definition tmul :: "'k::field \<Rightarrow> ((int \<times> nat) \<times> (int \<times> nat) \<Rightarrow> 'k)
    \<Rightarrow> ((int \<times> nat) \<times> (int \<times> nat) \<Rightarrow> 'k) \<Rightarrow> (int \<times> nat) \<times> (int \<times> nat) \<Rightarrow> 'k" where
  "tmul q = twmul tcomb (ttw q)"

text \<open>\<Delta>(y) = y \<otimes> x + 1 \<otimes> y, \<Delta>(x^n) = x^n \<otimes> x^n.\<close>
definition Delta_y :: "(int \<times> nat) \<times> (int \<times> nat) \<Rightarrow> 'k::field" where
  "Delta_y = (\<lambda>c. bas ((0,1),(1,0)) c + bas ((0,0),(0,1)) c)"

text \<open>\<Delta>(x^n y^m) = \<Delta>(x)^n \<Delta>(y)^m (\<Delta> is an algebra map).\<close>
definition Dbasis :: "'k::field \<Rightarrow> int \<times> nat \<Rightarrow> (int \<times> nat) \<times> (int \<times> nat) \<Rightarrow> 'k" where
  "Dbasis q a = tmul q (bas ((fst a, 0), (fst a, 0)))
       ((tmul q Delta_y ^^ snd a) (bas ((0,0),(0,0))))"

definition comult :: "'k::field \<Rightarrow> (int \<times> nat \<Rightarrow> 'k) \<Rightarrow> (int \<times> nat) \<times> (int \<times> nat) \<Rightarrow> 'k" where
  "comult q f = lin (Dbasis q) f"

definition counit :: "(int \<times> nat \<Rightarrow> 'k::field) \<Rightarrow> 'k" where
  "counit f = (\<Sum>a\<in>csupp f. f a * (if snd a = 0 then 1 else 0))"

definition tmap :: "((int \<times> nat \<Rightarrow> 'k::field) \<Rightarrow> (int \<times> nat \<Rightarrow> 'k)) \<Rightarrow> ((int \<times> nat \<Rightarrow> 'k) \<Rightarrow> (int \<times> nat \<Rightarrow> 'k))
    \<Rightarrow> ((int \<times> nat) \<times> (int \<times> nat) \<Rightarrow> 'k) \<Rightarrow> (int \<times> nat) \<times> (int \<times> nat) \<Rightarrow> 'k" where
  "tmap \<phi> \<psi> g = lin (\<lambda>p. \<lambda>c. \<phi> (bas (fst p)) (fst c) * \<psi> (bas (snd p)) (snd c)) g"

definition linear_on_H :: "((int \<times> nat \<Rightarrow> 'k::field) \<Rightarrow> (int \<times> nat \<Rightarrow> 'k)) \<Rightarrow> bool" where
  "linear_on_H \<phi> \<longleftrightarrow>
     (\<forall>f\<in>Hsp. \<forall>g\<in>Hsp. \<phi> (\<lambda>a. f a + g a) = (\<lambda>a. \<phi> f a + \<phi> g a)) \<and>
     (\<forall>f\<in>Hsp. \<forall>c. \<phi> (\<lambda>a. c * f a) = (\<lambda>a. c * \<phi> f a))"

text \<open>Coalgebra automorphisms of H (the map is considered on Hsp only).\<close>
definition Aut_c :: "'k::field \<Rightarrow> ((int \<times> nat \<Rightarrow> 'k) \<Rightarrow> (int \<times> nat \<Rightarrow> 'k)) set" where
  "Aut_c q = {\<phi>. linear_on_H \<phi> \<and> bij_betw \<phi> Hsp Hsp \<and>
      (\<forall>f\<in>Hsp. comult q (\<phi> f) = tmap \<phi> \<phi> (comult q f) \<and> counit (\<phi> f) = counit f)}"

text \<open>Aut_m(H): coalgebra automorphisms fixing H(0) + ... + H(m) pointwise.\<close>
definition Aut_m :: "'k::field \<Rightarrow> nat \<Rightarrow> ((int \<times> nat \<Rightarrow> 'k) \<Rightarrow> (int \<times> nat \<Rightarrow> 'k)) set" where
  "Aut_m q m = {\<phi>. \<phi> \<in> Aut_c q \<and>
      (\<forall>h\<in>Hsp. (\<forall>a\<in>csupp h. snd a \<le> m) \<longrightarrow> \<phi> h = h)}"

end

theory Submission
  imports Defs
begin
========================================================================
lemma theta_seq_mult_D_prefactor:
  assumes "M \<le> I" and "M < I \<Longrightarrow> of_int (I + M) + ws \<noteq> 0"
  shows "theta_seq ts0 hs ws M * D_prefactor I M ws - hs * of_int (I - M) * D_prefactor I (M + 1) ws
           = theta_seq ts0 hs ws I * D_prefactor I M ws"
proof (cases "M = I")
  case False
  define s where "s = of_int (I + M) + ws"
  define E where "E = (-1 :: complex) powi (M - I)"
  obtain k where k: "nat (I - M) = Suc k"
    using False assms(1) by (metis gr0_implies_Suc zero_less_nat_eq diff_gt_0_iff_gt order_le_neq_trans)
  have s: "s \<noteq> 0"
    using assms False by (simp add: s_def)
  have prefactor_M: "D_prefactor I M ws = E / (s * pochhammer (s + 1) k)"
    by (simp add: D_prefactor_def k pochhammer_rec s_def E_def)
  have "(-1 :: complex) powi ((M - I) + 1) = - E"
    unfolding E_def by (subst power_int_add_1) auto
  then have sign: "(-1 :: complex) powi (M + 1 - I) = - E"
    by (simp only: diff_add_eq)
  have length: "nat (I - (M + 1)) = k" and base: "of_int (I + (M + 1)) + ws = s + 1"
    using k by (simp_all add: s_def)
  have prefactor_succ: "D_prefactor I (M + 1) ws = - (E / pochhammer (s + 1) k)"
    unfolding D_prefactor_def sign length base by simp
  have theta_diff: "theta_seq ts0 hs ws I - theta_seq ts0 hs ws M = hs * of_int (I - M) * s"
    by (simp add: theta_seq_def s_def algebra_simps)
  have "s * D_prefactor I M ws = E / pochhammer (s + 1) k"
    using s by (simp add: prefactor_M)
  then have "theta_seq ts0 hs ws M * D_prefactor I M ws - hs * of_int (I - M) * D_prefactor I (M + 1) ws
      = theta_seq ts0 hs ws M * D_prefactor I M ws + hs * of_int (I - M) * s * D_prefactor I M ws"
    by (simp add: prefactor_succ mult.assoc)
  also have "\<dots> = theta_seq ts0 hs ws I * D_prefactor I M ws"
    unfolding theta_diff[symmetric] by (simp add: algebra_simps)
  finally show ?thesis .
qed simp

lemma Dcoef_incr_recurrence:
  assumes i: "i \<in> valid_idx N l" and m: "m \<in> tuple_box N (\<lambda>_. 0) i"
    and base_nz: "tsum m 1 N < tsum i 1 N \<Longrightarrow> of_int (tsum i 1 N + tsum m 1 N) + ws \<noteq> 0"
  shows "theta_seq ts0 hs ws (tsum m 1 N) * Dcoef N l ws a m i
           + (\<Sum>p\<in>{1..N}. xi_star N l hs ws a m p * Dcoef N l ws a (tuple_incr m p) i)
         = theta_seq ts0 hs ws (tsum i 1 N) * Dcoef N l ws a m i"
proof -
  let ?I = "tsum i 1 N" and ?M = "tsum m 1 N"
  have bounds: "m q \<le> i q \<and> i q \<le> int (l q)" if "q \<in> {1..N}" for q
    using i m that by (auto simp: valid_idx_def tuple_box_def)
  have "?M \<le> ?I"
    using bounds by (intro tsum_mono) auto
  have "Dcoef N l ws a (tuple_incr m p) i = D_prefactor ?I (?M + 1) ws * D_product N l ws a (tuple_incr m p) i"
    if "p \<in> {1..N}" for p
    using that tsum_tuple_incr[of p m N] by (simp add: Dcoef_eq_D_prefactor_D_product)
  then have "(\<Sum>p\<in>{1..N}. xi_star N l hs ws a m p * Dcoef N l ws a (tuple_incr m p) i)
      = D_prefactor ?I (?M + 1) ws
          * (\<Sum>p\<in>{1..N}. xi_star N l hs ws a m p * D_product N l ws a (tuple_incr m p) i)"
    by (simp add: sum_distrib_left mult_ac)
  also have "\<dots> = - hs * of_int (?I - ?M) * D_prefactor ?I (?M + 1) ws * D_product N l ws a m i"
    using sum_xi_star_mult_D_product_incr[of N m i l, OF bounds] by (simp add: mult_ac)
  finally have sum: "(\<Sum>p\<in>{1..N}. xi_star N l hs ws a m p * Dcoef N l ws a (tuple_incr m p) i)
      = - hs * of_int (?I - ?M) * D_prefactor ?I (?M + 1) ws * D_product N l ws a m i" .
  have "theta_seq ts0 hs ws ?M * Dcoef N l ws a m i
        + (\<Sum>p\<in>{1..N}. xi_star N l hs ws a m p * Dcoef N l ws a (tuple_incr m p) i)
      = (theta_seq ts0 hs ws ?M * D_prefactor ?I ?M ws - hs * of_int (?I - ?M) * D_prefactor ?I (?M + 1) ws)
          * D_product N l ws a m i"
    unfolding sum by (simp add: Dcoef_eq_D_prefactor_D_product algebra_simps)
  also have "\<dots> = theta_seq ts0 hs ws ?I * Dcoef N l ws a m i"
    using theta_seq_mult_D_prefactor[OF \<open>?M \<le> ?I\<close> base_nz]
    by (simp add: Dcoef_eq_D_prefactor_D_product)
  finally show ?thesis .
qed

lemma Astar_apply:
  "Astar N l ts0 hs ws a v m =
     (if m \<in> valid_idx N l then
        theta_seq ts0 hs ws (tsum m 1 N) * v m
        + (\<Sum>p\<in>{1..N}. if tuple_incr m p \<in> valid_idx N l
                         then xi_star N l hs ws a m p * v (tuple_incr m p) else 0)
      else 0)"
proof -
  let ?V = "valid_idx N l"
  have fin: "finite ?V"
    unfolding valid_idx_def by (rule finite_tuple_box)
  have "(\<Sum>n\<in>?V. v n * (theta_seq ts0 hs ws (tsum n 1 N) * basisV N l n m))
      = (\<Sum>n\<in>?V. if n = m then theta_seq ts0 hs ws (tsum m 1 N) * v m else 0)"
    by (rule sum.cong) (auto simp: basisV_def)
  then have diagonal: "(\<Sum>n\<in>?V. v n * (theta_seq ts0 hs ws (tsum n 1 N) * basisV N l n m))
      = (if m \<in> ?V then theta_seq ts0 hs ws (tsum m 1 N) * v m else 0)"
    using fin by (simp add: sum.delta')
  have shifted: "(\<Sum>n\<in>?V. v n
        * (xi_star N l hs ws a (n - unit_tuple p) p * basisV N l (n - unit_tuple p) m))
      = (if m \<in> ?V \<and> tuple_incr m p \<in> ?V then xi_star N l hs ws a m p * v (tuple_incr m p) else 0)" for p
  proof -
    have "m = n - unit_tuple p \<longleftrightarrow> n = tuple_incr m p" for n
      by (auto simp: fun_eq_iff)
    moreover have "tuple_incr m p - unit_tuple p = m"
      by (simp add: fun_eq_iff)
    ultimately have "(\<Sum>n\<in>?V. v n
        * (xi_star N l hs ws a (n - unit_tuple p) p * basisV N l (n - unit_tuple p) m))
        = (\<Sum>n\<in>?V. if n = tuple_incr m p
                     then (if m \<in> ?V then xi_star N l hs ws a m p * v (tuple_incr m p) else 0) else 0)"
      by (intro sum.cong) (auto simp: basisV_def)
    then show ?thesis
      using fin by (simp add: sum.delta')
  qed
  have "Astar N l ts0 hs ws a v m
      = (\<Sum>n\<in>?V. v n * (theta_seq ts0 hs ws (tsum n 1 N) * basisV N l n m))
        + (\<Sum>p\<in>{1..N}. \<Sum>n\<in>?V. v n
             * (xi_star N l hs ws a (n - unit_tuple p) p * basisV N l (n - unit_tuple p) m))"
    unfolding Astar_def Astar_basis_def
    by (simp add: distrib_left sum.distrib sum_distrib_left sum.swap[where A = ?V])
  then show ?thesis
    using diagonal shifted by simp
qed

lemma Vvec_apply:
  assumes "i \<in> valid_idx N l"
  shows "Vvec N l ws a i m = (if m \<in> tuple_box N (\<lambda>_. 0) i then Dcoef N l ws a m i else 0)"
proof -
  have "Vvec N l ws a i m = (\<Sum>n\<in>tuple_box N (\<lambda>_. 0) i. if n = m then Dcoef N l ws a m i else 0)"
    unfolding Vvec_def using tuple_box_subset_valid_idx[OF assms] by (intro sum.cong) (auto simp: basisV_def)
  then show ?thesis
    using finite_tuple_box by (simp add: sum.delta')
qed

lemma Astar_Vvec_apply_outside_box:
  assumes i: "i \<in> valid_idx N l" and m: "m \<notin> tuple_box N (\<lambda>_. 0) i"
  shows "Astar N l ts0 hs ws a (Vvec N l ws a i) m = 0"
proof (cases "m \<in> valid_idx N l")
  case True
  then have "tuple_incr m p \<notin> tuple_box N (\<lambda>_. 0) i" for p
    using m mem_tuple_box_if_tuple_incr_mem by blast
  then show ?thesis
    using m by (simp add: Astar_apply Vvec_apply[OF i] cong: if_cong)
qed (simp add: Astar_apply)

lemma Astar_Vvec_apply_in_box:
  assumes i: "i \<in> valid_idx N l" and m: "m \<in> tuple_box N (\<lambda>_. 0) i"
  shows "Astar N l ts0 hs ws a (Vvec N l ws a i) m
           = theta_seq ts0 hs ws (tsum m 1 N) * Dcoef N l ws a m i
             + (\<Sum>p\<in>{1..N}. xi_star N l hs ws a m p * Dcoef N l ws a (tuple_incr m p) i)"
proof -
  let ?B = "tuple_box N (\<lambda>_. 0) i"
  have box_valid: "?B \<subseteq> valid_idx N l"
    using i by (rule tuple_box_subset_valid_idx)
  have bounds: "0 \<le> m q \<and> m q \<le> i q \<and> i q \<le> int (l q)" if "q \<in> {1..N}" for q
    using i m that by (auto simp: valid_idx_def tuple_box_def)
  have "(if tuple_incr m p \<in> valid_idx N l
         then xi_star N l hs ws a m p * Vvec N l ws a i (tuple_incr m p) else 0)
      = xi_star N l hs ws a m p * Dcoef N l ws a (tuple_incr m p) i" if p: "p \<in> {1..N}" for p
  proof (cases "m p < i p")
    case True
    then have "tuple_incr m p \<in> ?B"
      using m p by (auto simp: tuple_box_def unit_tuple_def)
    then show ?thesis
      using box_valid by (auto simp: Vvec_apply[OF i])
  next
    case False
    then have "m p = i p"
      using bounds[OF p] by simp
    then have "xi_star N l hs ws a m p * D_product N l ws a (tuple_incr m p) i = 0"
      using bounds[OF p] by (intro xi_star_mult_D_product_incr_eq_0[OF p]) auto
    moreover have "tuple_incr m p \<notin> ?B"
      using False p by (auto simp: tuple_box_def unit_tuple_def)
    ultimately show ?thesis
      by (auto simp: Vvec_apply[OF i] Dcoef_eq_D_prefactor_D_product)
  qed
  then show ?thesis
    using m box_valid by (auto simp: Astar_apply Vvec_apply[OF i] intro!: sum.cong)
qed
========================================================================
> **Problem statement**
Within the material above, extract exactly the lines that start at the line containing "p - unit_tuple" and stop after the line containing "then (if m \<in>", and only those.

> **Task output**
    moreover have "tuple_incr m p - unit_tuple p = m"
      by (simp add: fun_eq_iff)
    ultimately have "(\<Sum>n\<in>?V. v n
        * (xi_star N l hs ws a (n - unit_tuple p) p * basisV N l (n - unit_tuple p) m))
        = (\<Sum>n\<in>?V. if n = tuple_incr m p
                     then (if m \<in> ?V then xi_star N l hs ws a m p * v (tuple_incr m p) else 0) else 0)"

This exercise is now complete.